Sounds promising, Right? It is, but the project is still experimental. This means that in order to enable it, you and your users will have to go into Chrome’s setting and turn on experimental features. This could be a barrier to entry for some user bases but for companies with strict IT guidelines and control, end-to-end encryption in its current form will soon be a possibility.
Wrap it Up
So where does that leave us? End-to-end encryption is a complicated topic. While E2E encryption in the native stack is well developed and has been possible for years, E2E encryption in the browser is brand new and at the early stages of experimentation. There is no company out there today that can honestly claim to have full support for E2E encryption in the browser because it is just too new.

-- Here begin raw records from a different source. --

(* In the setting of the context, fix a feasible basis and distinct integers $r,s$ with $0\le r,s\le d$, and let $\alpha_i=u_i(\theta_r)$ for $0\le i\le d$. The following are equivalent: (i) in $\Delta$, vertex $r$ is adjacent to vertex $s$ and to no other vertex; (ii) for $0\le i\le d$, $$c_i\theta^*_{i-1}\alpha_{i-1}+a_i\theta^*_i\alpha_i+b_i\theta^*_{i+1}\alpha_{i+1}-\theta_r\theta^*_i\alpha_i=(\theta_s-\theta_r)(\theta^*_i-a^*_r)\alpha_i$$ (terms with $c_0=0$ or $b_d=0$ vanish, so $\alpha_{-1},\alpha_{d+1},\theta^*_{-1},\theta^*_{d+1}$ are irrelevant), and there exists $i\in\{0,\dots,d\}$ with $(\theta_s-\theta_r)(\theta^*_i-a^*_r)\alpha_i\ne0$.
   Context: Let $\mathbb F$ be a field, $d\ge1$, $V$ an $\mathbb F$-vector space of dimension $d+1$, $\mathcal A=\mathrm{End}(V)$ with identity $I$. Let $E^*_0,\dots,E^*_d\in\mathcal A$ satisfy $E^*_iE^*_j=\delta_{i,j}E^*_i$, $\mathrm{rank}(E^*_i)=1$. Let $A\in\mathcal A$ satisfy $E^*_iAE^*_j=0$ if $|i-j|>1$ and $\neq0$ if $|i-j|=1$. Assume $A$ has $d+1$ distinct eigenvalues $\theta_0,\dots,\theta_d\in\mathbb F$ with primitive idempotents $E_i=\prod_{j\ne i}\frac{A-\theta_jI}{\theta_i-\theta_j}$. Let $\theta^*_i\in\mathbb F$, $A^*=\sum_i\theta^*_iE^*_i$, $a^*_i=\mathrm{tr}(E_iA^* )$. Let $\Delta$ be the graph on $\{0,\dots,d\}$ with $i\sim j$ iff $i\ne j$ and $E_iA^*E_j\ne0$. A basis $v_0,\dots,v_d$ of $V$ is feasible if $v_i\in E^*_iV$ for all $i$; then $Av_i=b_{i-1}v_{i-1}+a_iv_i+c_{i+1}v_{i+1}$ ($v_{-1}=v_{d+1}=0$), with $a_i=\mathrm{tr}(E^*_iA)$, nonzero $b_0,\dots,b_{d-1}$, $c_1,\dots,c_d$, and $b_d=c_0=0$. Define $u_0,\dots,u_{d+1}\in\mathbb F[\lambda]$ by $u_{-1}=0$, $u_0=1$, $\lambda u_i=c_iu_{i-1}+a_iu_i+b_iu_{i+1}$ $(0\le i\le d-1)$, $\lambda u_d=c_du_{d-1}+a_du_d+u_{d+1}/(b_0\cdots b_{d-1})$. *)

theory Defs
  imports "Jordan_Normal_Form.Matrix" "Jordan_Normal_Form.DL_Rank" "Jordan_Normal_Form.Char_Poly"
    "HOL-Computational_Algebra.Polynomial"
begin

definition mtrace :: "'a::comm_ring_1 mat \<Rightarrow> 'a" where
  "mtrace M = (\<Sum>i<dim_row M. M $$ (i, i))"

definition prim_idem :: "nat \<Rightarrow> nat \<Rightarrow> 'a::field mat \<Rightarrow> (nat \<Rightarrow> 'a) \<Rightarrow> nat \<Rightarrow> 'a mat" where
  "prim_idem n d A th i =
     foldr (\<lambda>j M. ((1 / (th i - th j)) \<cdot>\<^sub>m (A - th j \<cdot>\<^sub>m 1\<^sub>m n)) * M)
           (filter (\<lambda>j. j \<noteq> i) [0..<Suc d]) (1\<^sub>m n)"

definition uscale :: "(nat \<Rightarrow> 'a::field) \<Rightarrow> nat \<Rightarrow> nat \<Rightarrow> 'a poly \<Rightarrow> 'a poly" where
  "uscale b d i p = (if i < d then smult (inverse (b i)) p
                     else if i = d then smult (\<Prod>j<d. b j) p else 0)"

text \<open>The polynomials u_0, ..., u_{d+1} (values beyond d+1 are irrelevant and set to 0).
  u_{-1} = 0, u_0 = 1,
  lambda u_i = c_i u_{i-1} + a_i u_i + b_i u_{i+1}  (0 <= i <= d-1),
  lambda u_d = c_d u_{d-1} + a_d u_d + u_{d+1}/(b_0 ... b_{d-1}).\<close>
fun upol :: "(nat \<Rightarrow> 'a::field) \<Rightarrow> (nat \<Rightarrow> 'a) \<Rightarrow> (nat \<Rightarrow> 'a) \<Rightarrow> nat \<Rightarrow> nat \<Rightarrow> 'a poly" where
  "upol a b c d 0 = 1"
| "upol a b c d (Suc 0) = uscale b d 0 [:- a 0, 1:]"
| "upol a b c d (Suc (Suc i)) =
     uscale b d (Suc i) ([:- a (Suc i), 1:] * upol a b c d (Suc i) - smult (c (Suc i)) (upol a b c d i))"

end

theory Submission
  imports Defs
begin

text \<open>
  In the feasible basis (the columns of \<open>F\<close>) the map \<open>A\<close> becomes the tridiagonal matrix \<open>T\<close> with
  entries \<open>c\<^sub>i, a\<^sub>i, b\<^sub>i\<close>, and \<open>A\<^sup>*\<close> the diagonal matrix of the \<open>\<theta>\<^sup>*\<^sub>i\<close>. The three-term recurrence
  of the \<open>u\<^sub>i\<close> says that the vectors \<open>(u\<^sub>i(\<theta>\<^sub>j))\<^sub>i\<close>, the columns of \<open>U\<close>, are eigenvectors of \<open>T\<close>,
  so \<open>F U\<close> is an eigenbasis of \<open>A\<close> and every \<open>E\<^sub>k\<close> is the projection onto its \<open>k\<close>-th vector.
  Hence, with \<open>N = U\<^sup>-\<^sup>1 diag(\<theta>\<^sup>*) U\<close> the matrix of \<open>A\<^sup>*\<close> in this eigenbasis, \<open>E\<^sub>i A\<^sup>* E\<^sub>j \<noteq> 0\<close>
  iff \<open>N\<^sub>i\<^sub>j \<noteq> 0\<close>, and \<open>a\<^sup>*\<^sub>r = N\<^sub>r\<^sub>r\<close>. As \<open>T\<close> is symmetrised by a diagonal matrix \<open>K\<close> (all \<open>b\<^sub>i, c\<^sub>i\<close>
  are nonzero), \<open>U\<^sup>T K U\<close> is an invertible diagonal matrix, which makes the zero pattern of \<open>N\<close>
  symmetric. Finally, read in coordinates with respect to \<open>U\<close>, condition (ii) states
  \<open>(\<theta>\<^sub>k - \<theta>\<^sub>r) N\<^sub>k\<^sub>r = (\<theta>\<^sub>s - \<theta>\<^sub>r) (N\<^sub>k\<^sub>r - \<delta>\<^sub>k\<^sub>r N\<^sub>r\<^sub>r)\<close> for all \<open>k\<close>, together with \<open>N\<^sub>k\<^sub>r \<noteq> 0\<close> for some
  \<open>k \<noteq> r\<close>; since the \<open>\<theta>\<^sub>k\<close> are distinct, this says exactly that column \<open>r\<close> of \<open>N\<close> vanishes
  off the diagonal except at \<open>s\<close>, where it does not.
\<close>

lemma mtrace_mult_comm:
  fixes X Y :: "'a::comm_ring_1 mat"
  assumes "X \<in> carrier_mat n n" "Y \<in> carrier_mat n n"
  shows "mtrace (X * Y) = mtrace (Y * X)"
proof -
  have "mtrace (X * Y) = (\<Sum>i<n. \<Sum>k<n. X $$ (i,k) * Y $$ (k,i))"
    using assms unfolding mtrace_def
    by (auto simp: scalar_prod_def intro!: sum.cong atLeast0LessThan[symmetric])
  also have "\<dots> = (\<Sum>k<n. \<Sum>i<n. Y $$ (k,i) * X $$ (i,k))"
    by (subst sum.swap) (simp add: mult.commute)
  also have "\<dots> = mtrace (Y * X)"
    using assms unfolding mtrace_def
    by (auto simp: scalar_prod_def intro!: sum.cong atLeast0LessThan)
  finally show ?thesis .
qed

lemma smult_mat_mult_vec:
  fixes M :: "'a::comm_ring_1 mat"
  assumes "M \<in> carrier_mat n m" "x \<in> carrier_vec m"
  shows "(c \<cdot>\<^sub>m M) *\<^sub>v x = c \<cdot>\<^sub>v (M *\<^sub>v x)"
  using assms by (auto intro!: eq_vecI simp: scalar_prod_def sum_distrib_left ac_simps)

lemma zero_smult_vec [simp]:
  fixes v :: "'a::semiring_0 vec"
  shows "v \<in> carrier_vec n \<Longrightarrow> 0 \<cdot>\<^sub>v v = 0\<^sub>v n"
  by (intro eq_vecI) auto

lemma mult_mat_vec_zero:
  fixes M :: "'a::semiring_0 mat"
  shows "M \<in> carrier_mat m n \<Longrightarrow> M *\<^sub>v 0\<^sub>v n = 0\<^sub>v m"
  by (intro eq_vecI) auto

lemma smult_vec_eq_zero_iff:
  fixes v :: "'a::idom vec"
  assumes "v \<in> carrier_vec n"
  shows "c \<cdot>\<^sub>v v = 0\<^sub>v n \<longleftrightarrow> c = 0 \<or> v = 0\<^sub>v n"
proof
  assume cv: "c \<cdot>\<^sub>v v = 0\<^sub>v n"
  show "c = 0 \<or> v = 0\<^sub>v n"
  proof (rule disjCI)
    assume "v \<noteq> 0\<^sub>v n"
    then obtain i where "i < n" "v $ i \<noteq> 0" using assms by (auto simp: vec_eq_iff)
    then show "c = 0" using arg_cong[OF cv, of "\<lambda>w. w $ i"] assms by simp
  qed
qed (use assms in auto)

lemma mult_mat_vec_injective:
  fixes U Z :: "'a::semiring_1 mat"
  assumes "Z \<in> carrier_mat n n" "U \<in> carrier_mat n n" "Z * U = 1\<^sub>m n"
    and "v \<in> carrier_vec n" "w \<in> carrier_vec n"
  shows "U *\<^sub>v v = U *\<^sub>v w \<longleftrightarrow> v = w"
  using assoc_mult_mat_vec[of Z n n U n v] assoc_mult_mat_vec[of Z n n U n w] assms by force
text \<open>The permutation factor carries the discrete \<open>\<sigma>\<close>-algebra on the uncountable type
  \<open>nat \<Rightarrow> nat\<close>; since \<open>Gamma\<close> only sees \<open>p\<close> on \<open>{1..N}\<close>, countably many sections suffice.\<close>

lemma measurable_Gamma: "(\<lambda>w. Gamma N w mu) \<in> UPi N \<rightarrow>\<^sub>M count_space UNIV"
proof -
  have "(\<lambda>w. Gamma N (fst w, restrict (snd w) {1..N}) mu) \<in> UPi N \<rightarrow>\<^sub>M count_space UNIV"
  proof (rule measurable_compose_countable'[where f="\<lambda>q w. Gamma N (fst w, q) mu"
        and g="\<lambda>w. restrict (snd w) {1..N}" and I="{1..N} \<rightarrow>\<^sub>E UNIV"])
    show "(\<lambda>w. Gamma N (fst w, q) mu) \<in> UPi N \<rightarrow>\<^sub>M count_space UNIV" for q
      using measurable_fst_UPi measurable_Gamma_section by (rule measurable_compose)
    show "(\<lambda>w. restrict (snd w) {1..N}) \<in> UPi N \<rightarrow>\<^sub>M count_space ({1..N} \<rightarrow>\<^sub>E UNIV)"
      unfolding UPi_def by (rule measurable_compose[OF measurable_snd]) (simp del: restrict_apply)
    show "countable ({1..N} \<rightarrow>\<^sub>E (UNIV :: nat set))"
      by (simp add: countable_PiE)
  qed
  moreover have "Gamma N (u, restrict p {1..N}) mu = Gamma N (u, p) mu" for u p
    by (rule Gamma_cong) simp
  ultimately show ?thesis by simp
qed

lemma finite_perms: "finite (perms N)"
  unfolding perms_def by (rule finite_permutations) simp

lemma perms_nonempty: "perms N \<noteq> {}"
  unfolding perms_def using permutes_id by blast

lemma prob_space_uniform_unit_interval: "prob_space (uniform_measure lborel {0..1::real})"
  by (rule prob_space_uniform_measure) simp_all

The industry is just now at the precipice of E2E encryption in the browser. It is an exciting time and companies are racing to add it to their product line ups. However, this environment is changing fast and video platform providers will have to be able to change with them. At Frozen Mountain, we are consistently experimenting with and implementing proof-of-concept E2E encryption schemes. However, we are cognizant of the fact that we must remain flexible because the browser vendor’s APIs and direction could change at any moment.